WORK REQUEST ▸
What you need to produce from the material below is an exact transcription of the lines from the one with "C \<Longrightarrow> Y" through the one with "then obtain X Y", both included, and no other line.

EXTRACTED MATERIAL ▸
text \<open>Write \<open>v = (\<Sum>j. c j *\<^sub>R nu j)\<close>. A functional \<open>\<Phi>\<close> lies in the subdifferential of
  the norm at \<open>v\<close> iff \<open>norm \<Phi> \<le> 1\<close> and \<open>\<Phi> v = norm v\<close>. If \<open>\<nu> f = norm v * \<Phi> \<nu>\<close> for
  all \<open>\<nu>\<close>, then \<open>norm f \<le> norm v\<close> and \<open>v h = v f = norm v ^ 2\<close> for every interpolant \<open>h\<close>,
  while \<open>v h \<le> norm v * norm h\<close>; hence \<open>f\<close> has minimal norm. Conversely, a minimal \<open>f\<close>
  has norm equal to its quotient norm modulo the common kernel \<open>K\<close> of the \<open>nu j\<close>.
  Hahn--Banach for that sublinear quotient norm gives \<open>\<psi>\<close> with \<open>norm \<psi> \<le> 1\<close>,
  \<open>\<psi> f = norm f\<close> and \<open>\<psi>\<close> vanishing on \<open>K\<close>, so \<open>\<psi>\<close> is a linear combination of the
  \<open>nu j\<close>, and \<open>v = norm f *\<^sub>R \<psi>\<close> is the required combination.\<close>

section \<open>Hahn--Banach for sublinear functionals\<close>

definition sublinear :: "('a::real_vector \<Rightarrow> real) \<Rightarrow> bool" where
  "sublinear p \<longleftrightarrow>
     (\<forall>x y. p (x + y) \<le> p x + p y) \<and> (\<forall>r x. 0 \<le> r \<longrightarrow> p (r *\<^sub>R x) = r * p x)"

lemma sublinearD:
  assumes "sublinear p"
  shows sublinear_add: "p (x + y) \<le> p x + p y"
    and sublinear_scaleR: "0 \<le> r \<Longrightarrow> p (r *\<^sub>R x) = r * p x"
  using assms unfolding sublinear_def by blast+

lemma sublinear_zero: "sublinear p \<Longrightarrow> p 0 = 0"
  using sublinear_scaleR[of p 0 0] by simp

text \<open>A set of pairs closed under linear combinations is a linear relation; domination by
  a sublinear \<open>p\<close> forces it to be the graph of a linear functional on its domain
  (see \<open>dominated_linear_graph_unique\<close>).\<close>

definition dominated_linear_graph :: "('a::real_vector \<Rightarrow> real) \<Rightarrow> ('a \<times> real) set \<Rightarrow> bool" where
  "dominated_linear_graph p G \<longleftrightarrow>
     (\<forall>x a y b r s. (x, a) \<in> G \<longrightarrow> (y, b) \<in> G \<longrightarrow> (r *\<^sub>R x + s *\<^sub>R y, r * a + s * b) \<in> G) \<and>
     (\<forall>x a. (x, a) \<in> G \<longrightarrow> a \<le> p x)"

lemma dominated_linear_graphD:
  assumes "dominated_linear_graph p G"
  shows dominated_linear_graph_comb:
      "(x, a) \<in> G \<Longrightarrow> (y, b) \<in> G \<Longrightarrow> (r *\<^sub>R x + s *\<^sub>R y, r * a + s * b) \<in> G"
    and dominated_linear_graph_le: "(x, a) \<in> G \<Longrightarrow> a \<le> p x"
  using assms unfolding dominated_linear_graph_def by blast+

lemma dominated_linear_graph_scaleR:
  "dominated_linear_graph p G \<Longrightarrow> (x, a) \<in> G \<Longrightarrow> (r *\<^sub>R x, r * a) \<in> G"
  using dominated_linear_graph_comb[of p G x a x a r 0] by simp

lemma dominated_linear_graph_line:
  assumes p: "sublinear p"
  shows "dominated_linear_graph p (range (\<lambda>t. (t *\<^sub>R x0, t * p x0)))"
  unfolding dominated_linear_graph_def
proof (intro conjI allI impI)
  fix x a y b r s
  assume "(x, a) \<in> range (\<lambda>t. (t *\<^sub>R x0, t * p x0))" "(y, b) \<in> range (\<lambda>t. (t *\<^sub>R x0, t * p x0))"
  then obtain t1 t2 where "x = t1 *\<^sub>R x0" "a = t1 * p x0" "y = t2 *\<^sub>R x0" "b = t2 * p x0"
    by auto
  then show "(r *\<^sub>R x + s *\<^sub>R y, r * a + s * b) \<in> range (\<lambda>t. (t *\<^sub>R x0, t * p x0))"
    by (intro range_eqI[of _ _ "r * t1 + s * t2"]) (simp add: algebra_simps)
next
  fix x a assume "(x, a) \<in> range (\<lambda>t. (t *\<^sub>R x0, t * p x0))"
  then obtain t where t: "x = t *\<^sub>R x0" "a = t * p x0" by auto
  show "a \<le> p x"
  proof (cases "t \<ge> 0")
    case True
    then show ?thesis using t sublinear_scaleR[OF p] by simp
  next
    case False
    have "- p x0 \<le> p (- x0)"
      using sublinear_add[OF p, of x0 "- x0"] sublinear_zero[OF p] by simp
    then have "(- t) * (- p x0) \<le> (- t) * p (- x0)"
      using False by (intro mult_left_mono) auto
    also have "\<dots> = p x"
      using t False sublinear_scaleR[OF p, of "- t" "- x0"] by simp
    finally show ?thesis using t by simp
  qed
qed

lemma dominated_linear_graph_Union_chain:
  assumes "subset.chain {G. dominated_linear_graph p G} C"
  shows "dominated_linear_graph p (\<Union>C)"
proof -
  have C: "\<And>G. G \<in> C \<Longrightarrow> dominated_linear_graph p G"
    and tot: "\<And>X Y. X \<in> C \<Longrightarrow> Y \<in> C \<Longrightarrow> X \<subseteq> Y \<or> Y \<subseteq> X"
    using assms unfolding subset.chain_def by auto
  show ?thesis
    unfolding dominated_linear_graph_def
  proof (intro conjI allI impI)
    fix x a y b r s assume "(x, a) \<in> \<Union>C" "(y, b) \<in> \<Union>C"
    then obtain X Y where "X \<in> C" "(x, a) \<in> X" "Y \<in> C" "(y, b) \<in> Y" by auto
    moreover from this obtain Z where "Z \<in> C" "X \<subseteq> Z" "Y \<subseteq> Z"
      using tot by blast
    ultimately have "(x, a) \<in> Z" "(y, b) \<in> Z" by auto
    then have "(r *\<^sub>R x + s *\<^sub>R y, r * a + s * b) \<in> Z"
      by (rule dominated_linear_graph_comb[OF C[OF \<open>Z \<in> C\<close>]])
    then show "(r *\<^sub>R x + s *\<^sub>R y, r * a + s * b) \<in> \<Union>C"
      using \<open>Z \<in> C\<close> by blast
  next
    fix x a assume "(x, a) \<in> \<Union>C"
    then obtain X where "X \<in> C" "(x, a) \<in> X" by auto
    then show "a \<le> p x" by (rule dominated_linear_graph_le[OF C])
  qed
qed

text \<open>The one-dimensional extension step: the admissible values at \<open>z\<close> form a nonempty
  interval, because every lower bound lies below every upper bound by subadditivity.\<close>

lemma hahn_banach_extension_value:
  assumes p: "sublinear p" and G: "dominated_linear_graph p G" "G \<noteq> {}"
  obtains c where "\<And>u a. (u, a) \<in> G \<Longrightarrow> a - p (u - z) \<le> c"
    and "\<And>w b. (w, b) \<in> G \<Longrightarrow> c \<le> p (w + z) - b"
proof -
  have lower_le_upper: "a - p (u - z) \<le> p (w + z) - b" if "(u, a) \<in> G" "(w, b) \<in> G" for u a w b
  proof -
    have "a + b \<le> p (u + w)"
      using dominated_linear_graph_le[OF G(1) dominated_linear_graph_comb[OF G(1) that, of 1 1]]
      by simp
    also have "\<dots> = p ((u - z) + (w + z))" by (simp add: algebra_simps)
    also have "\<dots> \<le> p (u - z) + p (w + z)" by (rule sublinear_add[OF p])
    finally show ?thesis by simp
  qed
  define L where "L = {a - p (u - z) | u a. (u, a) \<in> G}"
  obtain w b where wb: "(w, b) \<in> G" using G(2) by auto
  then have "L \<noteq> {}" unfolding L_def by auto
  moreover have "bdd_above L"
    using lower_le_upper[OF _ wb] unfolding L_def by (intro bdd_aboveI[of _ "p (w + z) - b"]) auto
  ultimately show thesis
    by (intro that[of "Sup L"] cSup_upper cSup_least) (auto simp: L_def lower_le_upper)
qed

TASK ANSWER ▸
    and tot: "\<And>X Y. X \<in> C \<Longrightarrow> Y \<in> C \<Longrightarrow> X \<subseteq> Y \<or> Y \<subseteq> X"
    using assms unfolding subset.chain_def by auto
  show ?thesis
    unfolding dominated_linear_graph_def
  proof (intro conjI allI impI)
    fix x a y b r s assume "(x, a) \<in> \<Union>C" "(y, b) \<in> \<Union>C"
    then obtain X Y where "X \<in> C" "(x, a) \<in> X" "Y \<in> C" "(y, b) \<in> Y" by auto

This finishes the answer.